Interpretation (similar to NDVI but more robust over bright soil):
- Bare / bright soil: ~0.0 – 0.2
- Moderate vegetation: 0.2 – 0.5
- Healthy dense vegetation: > 0.5 Use smaller L (e.g. 0.25) for dense vegetation, larger L (~1.0) for very sparse vegetation / bright soil conditions.
NBR
Formula:
NBR = (NIR - SWIR2) / (NIR + SWIR2)
Used for burn severity and post-fire change detection.
Typical interpretation (pre-fire vs post-fire):
- Healthy vegetation (pre-fire): high positive (≈0.4 – 0.7)
- Recently burned areas: strong drop; post-fire NBR often < 0.1 or negative Change analysis often uses ΔNBR (pre - post).

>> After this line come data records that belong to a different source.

(* Let $a\ge0$. For all $U\in\mathcal H^2(\mathbb C_a)$, the mapping $t\mapsto\big(p\mapsto e^{-p\widetilde{\mathcal K}(p)t}U(p)\big)$ from $\mathbb R^+$ to $\mathcal H^2(\mathbb C_a)$ is well defined and continuous, and for all $t\in\mathbb R^+$, $\|e^{-p\widetilde{\mathcal K}(p)t}U\|_{\mathcal H^2(\mathbb C_a)}\le\|U\|_{\mathcal H^2(\mathbb C_a)}$. If moreover $a>0$, there exists $c_a>0$ such that for all $t\in\mathbb R^+$, \[ \|e^{-p\widetilde{\mathcal K}(p)t}U\|_{\mathcal H^2(\mathbb C_a)}\le e^{-c_at}\|U\|_{\mathcal H^2(\mathbb C_a)}. \]
   Context: $\kappa>0$; $\widetilde{\mathcal K}(p)=(1+\kappa^2p^2)^{-1/2}$, where the square root is the one with positive real part. $\mathbb C_a=\{p\in\mathbb C:\mathfrak{Re}\,p>a\}$ and $\mathcal H^2(\mathbb C_a)$ is the Hardy space of holomorphic $U$ on $\mathbb C_a$ with $\|U\|^2_{\mathcal H^2(\mathbb C_a)}=\sup_{\alpha>a}\int_{\mathbb R}|U(\alpha+i\xi)|^2d\xi<\infty$. *)

theory Defs
  imports "HOL-Analysis.Analysis"
begin

definition half_plane :: "real \<Rightarrow> complex set" where
  "half_plane a = {p. a < Re p}"

definition Ktilde :: "real \<Rightarrow> complex \<Rightarrow> complex" where
  "Ktilde \<kappa> p = 1 / csqrt (1 + (complex_of_real \<kappa>)\<^sup>2 * p\<^sup>2)"

definition hardy_sq :: "real \<Rightarrow> (complex \<Rightarrow> complex) \<Rightarrow> ennreal" where
  "hardy_sq a U = (SUP \<alpha>\<in>{a<..}. \<integral>\<^sup>+ \<xi>. ennreal ((cmod (U (Complex \<alpha> \<xi>)))\<^sup>2) \<partial>lborel)"

definition H2 :: "real \<Rightarrow> (complex \<Rightarrow> complex) set" where
  "H2 a = {U. U holomorphic_on half_plane a \<and> hardy_sq a U < \<infinity>}"

definition H2_norm :: "real \<Rightarrow> (complex \<Rightarrow> complex) \<Rightarrow> real" where
  "H2_norm a U = sqrt (enn2real (hardy_sq a U))"

definition semigrp :: "real \<Rightarrow> real \<Rightarrow> (complex \<Rightarrow> complex) \<Rightarrow> complex \<Rightarrow> complex" where
  "semigrp \<kappa> t U = (\<lambda>p. exp (- p * Ktilde \<kappa> p * complex_of_real t) * U p)"

end

(*
  Write w(p) = p K(p). On Re p > 0 the function w is holomorphic with Re w > 0, so exp(-w t)
  is a holomorphic multiplier of modulus at most 1: this gives membership in H^2(C_a) and
  contractivity. For a > 0 the point u = 1/p ranges over a compact disc on which
  Re w = Re (1 / sqrt (kappa^2 + u^2)) is positive, so Re w >= c > 0 and |exp(-w t)| <= exp(-c t).

  For continuity, |exp(-w t) - exp(-w s)|^2 <= min 4 (G(Im p) |t - s|^2) with G independent of
  Re p, so it suffices that the integral of g_d(xi) |U(alpha + i xi)|^2 tends to 0 as d -> 0,
  uniformly in alpha > a. By Cauchy's theorem on strips, the integral of
  U(alpha + i xi) conj(U(beta + i xi)) depends only on alpha + beta. Hence, by Cauchy-Schwarz,
  N(alpha) = ||U(alpha + i .)||^2 is log-convex; being bounded, it is nonincreasing, and
  ||U(alpha + i .) - U(beta + i .)||^2 <= N(alpha) - N(beta) for alpha <= beta. So the vertical
  lines of U form a totally bounded family in L^2, and dominated convergence on a finite net
  gives the uniform estimate.
*)

theory Submission
  imports Defs "HOL-Complex_Analysis.Complex_Analysis"
begin

section \<open>Vertical line integrals of holomorphic functions on strips\<close>

lemma contour_integral_linepath_same_Im:
  assumes "a < b"
  shows "contour_integral (linepath (Complex a y) (Complex b y)) f = integral {a..b} (\<lambda>x. f (Complex x y))"
proof -
  have lp: "linepath (Complex a y) (Complex b y) x = Complex (linepath a b x) y" for x
    by (simp add: linepath_def complex_eq_iff algebra_simps)
  have "contour_integral (linepath (Complex a y) (Complex b y)) f
      = (Complex b y - Complex a y) * integral {0..1} (\<lambda>x. f (linepath (Complex a y) (Complex b y) x))"
    by (simp add: contour_integral_integral)
  also have "Complex b y - Complex a y = of_real (b - a)"
    by (simp add: complex_eq_iff)
  also have "integral {0..1} (\<lambda>x. f (linepath (Complex a y) (Complex b y) x))
      = integral {0..(b - a) / (b - a)} (\<lambda>x. f (Complex (a + (b - a) * x) y))"
    using assms unfolding lp by (simp add: linepath_def algebra_simps)
  also have "{0..(b - a) / (b - a)} = (\<lambda>x. x / (b - a)) ` {0..b - a}"
    using assms by simp
  also have "integral \<dots> (\<lambda>x. f (Complex (a + (b - a) * x) y))
      = integral {a - a..b - a} (\<lambda>x. f (Complex (x + a) y)) / of_real (b - a)"
    using assms by (subst integral_stretch_real) (auto simp: scaleR_conv_of_real add_ac)
  also have "\<dots> = integral {a..b} (\<lambda>x. f (Complex x y)) / of_real (b - a)"
    by (subst integral_shift_real_ivl) (rule refl)
  finally show ?thesis
    using assms by simp
qed

lemma Cauchy_rectangle_integrals:
  fixes f :: "complex \<Rightarrow> complex"
  assumes holo: "f holomorphic_on cbox (Complex x0 y0) (Complex x1 y1)" and "x0 < x1" "y0 < y1"
  shows "\<i> * (integral {y0..y1} (\<lambda>y. f (Complex x1 y)) - integral {y0..y1} (\<lambda>y. f (Complex x0 y)))
       = integral {x0..x1} (\<lambda>x. f (Complex x y1)) - integral {x0..x1} (\<lambda>x. f (Complex x y0))"
proof -
  define R where "R = cbox (Complex x0 y0) (Complex x1 y1)"
  define a1 a2 a3 a4 where "a1 = Complex x0 y0" and "a2 = Complex x1 y0"
    and "a3 = Complex x1 y1" and "a4 = Complex x0 y1"
  note corners = a1_def a2_def a3_def a4_def
  have in_R: "a1 \<in> R" "a2 \<in> R" "a3 \<in> R" "a4 \<in> R"
    using assms(2,3) by (auto simp: R_def corners in_cbox_complex_iff)
  have "convex R" by (simp add: R_def convex_box)
  have cont: "continuous_on R f"
    using holo by (simp add: R_def holomorphic_on_imp_continuous_on)
  have cont_segment: "continuous_on (closed_segment u v) f" if "u \<in> R" "v \<in> R" for u v
    using cont closed_segment_subset[OF that \<open>convex R\<close>] by (rule continuous_on_subset)
  have side: "(f has_contour_integral contour_integral (linepath u v) f) (linepath u v)"
    if "u \<in> R" "v \<in> R" for u v
    using cont_segment[OF that]
    by (intro has_contour_integral_integral contour_integrable_continuous_linepath)
  have rect: "rectpath a1 a3 = linepath a1 a2 +++ linepath a2 a3 +++ linepath a3 a4 +++ linepath a4 a1"
    by (simp add: rectpath_def Let_def corners)
  have "(f has_contour_integral
      (contour_integral (linepath a1 a2) f + (contour_integral (linepath a2 a3) f
        + (contour_integral (linepath a3 a4) f + contour_integral (linepath a4 a1) f))))
      (rectpath a1 a3)"
    unfolding rect using in_R by (intro has_contour_integral_join side valid_path_join) auto
  moreover have "(f has_contour_integral 0) (rectpath a1 a3)"
  proof (rule Cauchy_theorem_convex_simple[OF holo[folded R_def] \<open>convex R\<close>])
    show "path_image (rectpath a1 a3) \<subseteq> R"
      using path_image_rectpath_subset_cbox[of a1 a3] assms(2,3) by (simp add: R_def corners)
  qed auto
  ultimately have sum0: "contour_integral (linepath a1 a2) f + (contour_integral (linepath a2 a3) f
        + (contour_integral (linepath a3 a4) f + contour_integral (linepath a4 a1) f)) = 0"
    by (rule has_contour_integral_unique)
  have rev: "contour_integral (linepath a3 a4) f = - contour_integral (linepath a4 a3) f"
    "contour_integral (linepath a4 a1) f = - contour_integral (linepath a1 a4) f"
    using in_R cont_segment contour_integral_reverse_linepath by blast+
  have horizontal: "contour_integral (linepath a1 a2) f = integral {x0..x1} (\<lambda>x. f (Complex x y0))"
    "contour_integral (linepath a4 a3) f = integral {x0..x1} (\<lambda>x. f (Complex x y1))"
    unfolding corners using assms(2) by (rule contour_integral_linepath_same_Im)+
  have vertical: "contour_integral (linepath a2 a3) f = \<i> * integral {y0..y1} (\<lambda>y. f (Complex x1 y))"
    "contour_integral (linepath a1 a4) f = \<i> * integral {y0..y1} (\<lambda>y. f (Complex x0 y))"
    unfolding corners using assms(3) by (auto intro: contour_integral_linepath_same_Re)
  show ?thesis
    using sum0 unfolding rev horizontal vertical by (simp add: algebra_simps)
qed

lemma nn_integral_finite_imp_small_somewhere:
  fixes \<psi> :: "real \<Rightarrow> ennreal"
  assumes "(\<integral>\<^sup>+ y. \<psi> y \<partial>lborel) < \<infinity>" "0 < e"
  shows "\<exists>y\<ge>N. \<psi> y < ennreal e" and "\<exists>y\<le>N. \<psi> y < ennreal e"
proof -
  have small_on: "\<exists>y\<in>S. \<psi> y < ennreal e"
    if S: "S \<in> sets lborel" "\<And>n::nat. {c n..c n + real n} \<subseteq> S" for S c
  proof (rule ccontr)
    assume "\<not> ?thesis"
    then have "ennreal e * emeasure lborel S \<le> (\<integral>\<^sup>+ y. \<psi> y \<partial>lborel)"
      unfolding nn_integral_cmult_indicator[OF S(1), symmetric]
      by (intro nn_integral_mono) (auto simp: not_less split: split_indicator)
    moreover have "emeasure lborel S = \<infinity>"
    proof (rule ccontr)
      assume "emeasure lborel S \<noteq> \<infinity>"
      then obtain n where "emeasure lborel S < of_nat n"
        using ennreal_Ex_less_of_nat by (auto simp: top.not_eq_extremum)
      moreover have "of_nat n \<le> emeasure lborel S"
        using emeasure_mono[OF S(2)[of n] S(1)] by (simp add: ennreal_of_nat_eq_real_of_nat)
      ultimately show False by simp
    qed
    ultimately show False
      using assms by (simp add: ennreal_mult_eq_top_iff)
  qed
  show "\<exists>y\<ge>N. \<psi> y < ennreal e"
    using small_on[of "{N..}" "\<lambda>_. N"] by auto
  show "\<exists>y\<le>N. \<psi> y < ennreal e"
    using small_on[of "{..N}" "\<lambda>n. N - real n"] by auto
qed

lemma integral_expanding_intervals_tendsto:
  fixes f :: "real \<Rightarrow> complex"
  assumes f: "integrable lborel f"
    and L: "filterlim L at_bot sequentially" and R: "filterlim R at_top sequentially"
  shows "(\<lambda>n. integral {L n..R n} f) \<longlonglongrightarrow> (LINT x|lborel. f x)"
proof -
  have "integral {L n..R n} f = (LINT x|lborel. indicator {L n..R n} x *\<^sub>R f x)" for n
  proof -
    have "set_integrable lborel {L n..R n} f"
      unfolding set_integrable_def using f by (intro integrable_mult_indicator) auto
    then show ?thesis
      by (simp add: set_borel_integral_eq_integral(2)[symmetric] set_lebesgue_integral_def)
  qed
  moreover have "(\<lambda>n. LINT x|lborel. indicator {L n..R n} x *\<^sub>R f x) \<longlonglongrightarrow> (LINT x|lborel. f x)"
  proof (rule integral_dominated_convergence[where w = "\<lambda>x. norm (f x)"])
    show "AE x in lborel. (\<lambda>n. indicator {L n..R n} x *\<^sub>R f x) \<longlonglongrightarrow> f x"
    proof (rule AE_I2)
      fix x
      have "\<forall>\<^sub>F n in sequentially. L n \<le> x" "\<forall>\<^sub>F n in sequentially. x \<le> R n"
        using L R by (simp_all add: filterlim_at_bot filterlim_at_top)
      then have "\<forall>\<^sub>F n in sequentially. indicator {L n..R n} x *\<^sub>R f x = f x"
        by eventually_elim simp
      then show "(\<lambda>n. indicator {L n..R n} x *\<^sub>R f x) \<longlonglongrightarrow> f x"
        by (rule tendsto_eventually)
    qed
  qed (use f in \<open>auto split: split_indicator\<close>)
  ultimately show ?thesis by simp
qed

lemma nn_integral_finite_small_along_sequences:
  fixes H :: "real \<Rightarrow> real"
  assumes fin: "(\<integral>\<^sup>+ y. ennreal (H y) \<partial>lborel) < \<infinity>" and H_nonneg: "\<And>y. 0 \<le> H y"
  obtains R L where "filterlim R at_top sequentially" "filterlim L at_bot sequentially"
    "(\<lambda>n. H (R n)) \<longlonglongrightarrow> 0" "(\<lambda>n. H (L n)) \<longlonglongrightarrow> 0"
proof -
  note small = nn_integral_finite_imp_small_somewhere[OF fin]
  have "\<exists>y. real (Suc n) \<le> y \<and> H y < inverse (real (Suc n))"
    and "\<exists>y. y \<le> - real (Suc n) \<and> H y < inverse (real (Suc n))" for n
    using small(1)[of "inverse (real (Suc n))" "real (Suc n)"]
      small(2)[of "inverse (real (Suc n))" "- real (Suc n)"]
    by (auto simp: ennreal_less_iff[OF H_nonneg] simp del: of_nat_Suc)
  then obtain R L where R: "\<And>n. real (Suc n) \<le> R n \<and> H (R n) < inverse (real (Suc n))"
    and L: "\<And>n. L n \<le> - real (Suc n) \<and> H (L n) < inverse (real (Suc n))"
    using choice[of "\<lambda>n y. real (Suc n) \<le> y \<and> H y < inverse (real (Suc n))"]
      choice[of "\<lambda>n y. y \<le> - real (Suc n) \<and> H y < inverse (real (Suc n))"] by blast
  have Suc_at_top: "filterlim (\<lambda>n. real (Suc n)) at_top sequentially"
    by (rule filterlim_compose[OF filterlim_real_sequentially filterlim_Suc])
  have "filterlim R at_top sequentially"
    by (rule filterlim_at_top_mono[OF Suc_at_top always_eventually]) (use R in blast)
  moreover have "filterlim (\<lambda>n. - L n) at_top sequentially"
    by (rule filterlim_at_top_mono[OF Suc_at_top always_eventually])
      (use L in \<open>force simp: le_minus_iff\<close>)
  then have "filterlim L at_bot sequentially"
    by (simp add: filterlim_uminus_at_bot)
  moreover have "(\<lambda>n. H (S n)) \<longlonglongrightarrow> 0" if "\<And>n. H (S n) < inverse (real (Suc n))" for S
  proof (rule tendsto_sandwich[OF always_eventually always_eventually tendsto_const LIMSEQ_inverse_real_of_nat])
    show "\<forall>n. 0 \<le> H (S n)" "\<forall>n. H (S n) \<le> inverse (real (Suc n))"
      using H_nonneg that by (auto intro: less_imp_le)
  qed
  then have "(\<lambda>n. H (R n)) \<longlonglongrightarrow> 0" "(\<lambda>n. H (L n)) \<longlonglongrightarrow> 0"
    using R L by blast+
  ultimately show ?thesis using that by blast
qed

Common burn severity thresholds (example ranges, refine per study):
- ΔNBR > 0.66: High severity
- 0.44 – 0.66: Moderate-high
- 0.27 – 0.44: Moderate-low
- 0.1 – 0.27: Low severity
- < 0.1: Unburned / noise
NDMI
Formula:
NDMI = (NIR - SWIR1) / (NIR + SWIR1)
Moisture / canopy water content indicator.
Typical interpretation:
- High positive (>0.3): Moist / healthy canopy (leaf water content high)
- Near zero (0.0 – 0.3): Moderate moisture / possible stress onset
- Negative (<0.0): Dry vegetation / senescence / possible drought stress
NBR2
Formula:
NBR2 = (SWIR1 - SWIR2) / (SWIR1 + SWIR2)
Highlights burn severity and subtle thermal / moisture differences.
Typical interpretation:
- Lower values: Increased moisture / less burn impact
- Higher values: Greater dryness / potential higher burn severity Use in tandem with NBR or NDMI for refined burn severity or moisture discrimination.
GCI
Formula:
GCI = (NIR / Green) - 1
Green Chlorophyll Index; division by near-zero Green values is guarded to return 0.
Typical interpretation:
- Values > 0 indicate chlorophyll presence
- 0 – 2: Sparse to moderate chlorophyll (grassland, early growth)
- 2 – 8: Higher chlorophyll density (crops peak growth, healthy canopy)
-
8: Very dense chlorophyll (may indicate saturation; verify sensor & calibration) Absolute ranges vary with sensor, atmospheric correction, and reflectance scaling—use relative comparisons or time-series trends.
All indices auto-dispatch between 1D and 2D input arrays; shapes must match.
Change Detection Indices
Change detection indices operate on “pre” and “post” event imagery (e.g., before vs after fire, storm, harvest):
Formulae:
ΔNDVI = NDVI(pre) - NDVI(post)
ΔNBR = NBR(pre) - NBR(post)
Typical interpretation:
- Positive ΔNDVI: vegetation loss / canopy degradation.
- Near-zero ΔNDVI: minimal change.
- Positive ΔNBR: higher burn severity (consult study-specific threshold tables).
- Use masks (cloud, snow, shadow) to set unreliable pre/post pixels to NaN before computing deltas.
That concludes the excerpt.